My father, who died in 1964 told me that the mob, or Crime Syndicate, that controlled gambling, prostitution and the drug trade on the East Coast was kept at bay from Los Angeles by the LAPD’s infamous "Hat Squad."

An Unwelcome Greeting

On several occasions, Don Corleone-types were met at the airport by Squad members and told that they were not welcome here.

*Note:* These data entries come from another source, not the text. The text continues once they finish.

lemma L2_Cauchy_AE_limit:
  fixes u :: "nat \<Rightarrow> 'a \<Rightarrow> real"
  assumes u: "\<And>n. u n \<in> L2 \<Omega>" and "strict_mono r"
    and lim: "AE x in M. (\<lambda>k. u (r k) x) \<longlonglongrightarrow> w x"
    and Cauchy: "\<And>e. 0 < e \<Longrightarrow> \<exists>N. \<forall>n\<ge>N. \<forall>m\<ge>N. (\<integral>x. (u n x - u m x)\<^sup>2 \<partial>M) < e"
    and "0 < e"
  shows "\<exists>N. \<forall>n\<ge>N. (\<integral>\<^sup>+ x. (u n x - w x)\<^sup>2 \<partial>M) \<le> ennreal e"
proof (rule nn_integral_le_of_AE_subseq_limit[OF _ \<open>strict_mono r\<close>])
  have [measurable]: "u n \<in> borel_measurable M" for n
    using u by (simp add: L2_def)
  show "(\<lambda>x. (u n x - u m x)\<^sup>2) \<in> borel_measurable M" for n m
    by measurable
  show "AE x in M. (\<lambda>k. (u n x - u (r k) x)\<^sup>2) \<longlonglongrightarrow> (u n x - w x)\<^sup>2" for n
    using lim by eventually_elim (intro tendsto_intros)
  obtain N where N: "\<And>n m. N \<le> n \<Longrightarrow> N \<le> m \<Longrightarrow> (\<integral>x. (u n x - u m x)\<^sup>2 \<partial>M) < e"
    using Cauchy[OF \<open>0 < e\<close>] by auto
  have "(\<integral>\<^sup>+ x. (u n x - u m x)\<^sup>2 \<partial>M) \<le> ennreal e" if "N \<le> n" "N \<le> m" for n m
  proof -
    have "(\<lambda>x. 1 * u n x + (-1) * u m x) \<in> L2 \<Omega>"
      by (rule L2_lincomb[OF u u])
    then have "(\<integral>\<^sup>+ x. (u n x - u m x)\<^sup>2 \<partial>M) = ennreal (\<integral>x. (u n x - u m x)\<^sup>2 \<partial>M)"
      by (intro nn_integral_eq_integral) (auto simp: L2_def)
    with N[OF that] show ?thesis by (simp add: ennreal_leI)
  qed
  then show "\<exists>N. \<forall>n\<ge>N. \<forall>m\<ge>N. (\<integral>\<^sup>+ x. (u n x - u m x)\<^sup>2 \<partial>M) \<le> ennreal e"
    by blast
qed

In the early 1950s an attempt was made to legalize gambling in Santa Monica and Culver
City. But the citizenry turned back that attempt and the Syndicate then turned its
attention to Las Vegas.

My father told me that the real boss of the local gambling syndicate was a soft-spoken
businessman who owned one of the most popular restaurants in Southern California
and dabbled in real estate.

When the Kefauver Committee began its investigation of
gambling in Los Angeles, the boys in the back room made themselves scarce and told
Loudmouthed Mickey, who acted like a movie gangster, that he could "be the boss."
Mickey Cohen went to jail while the real gambling interests quietly disappeared into the
woodwork.

Meanwhile, the gentleman my father told me about, quietly sold his interest in the restaurants he owned and retired to Palm Springs in 1980.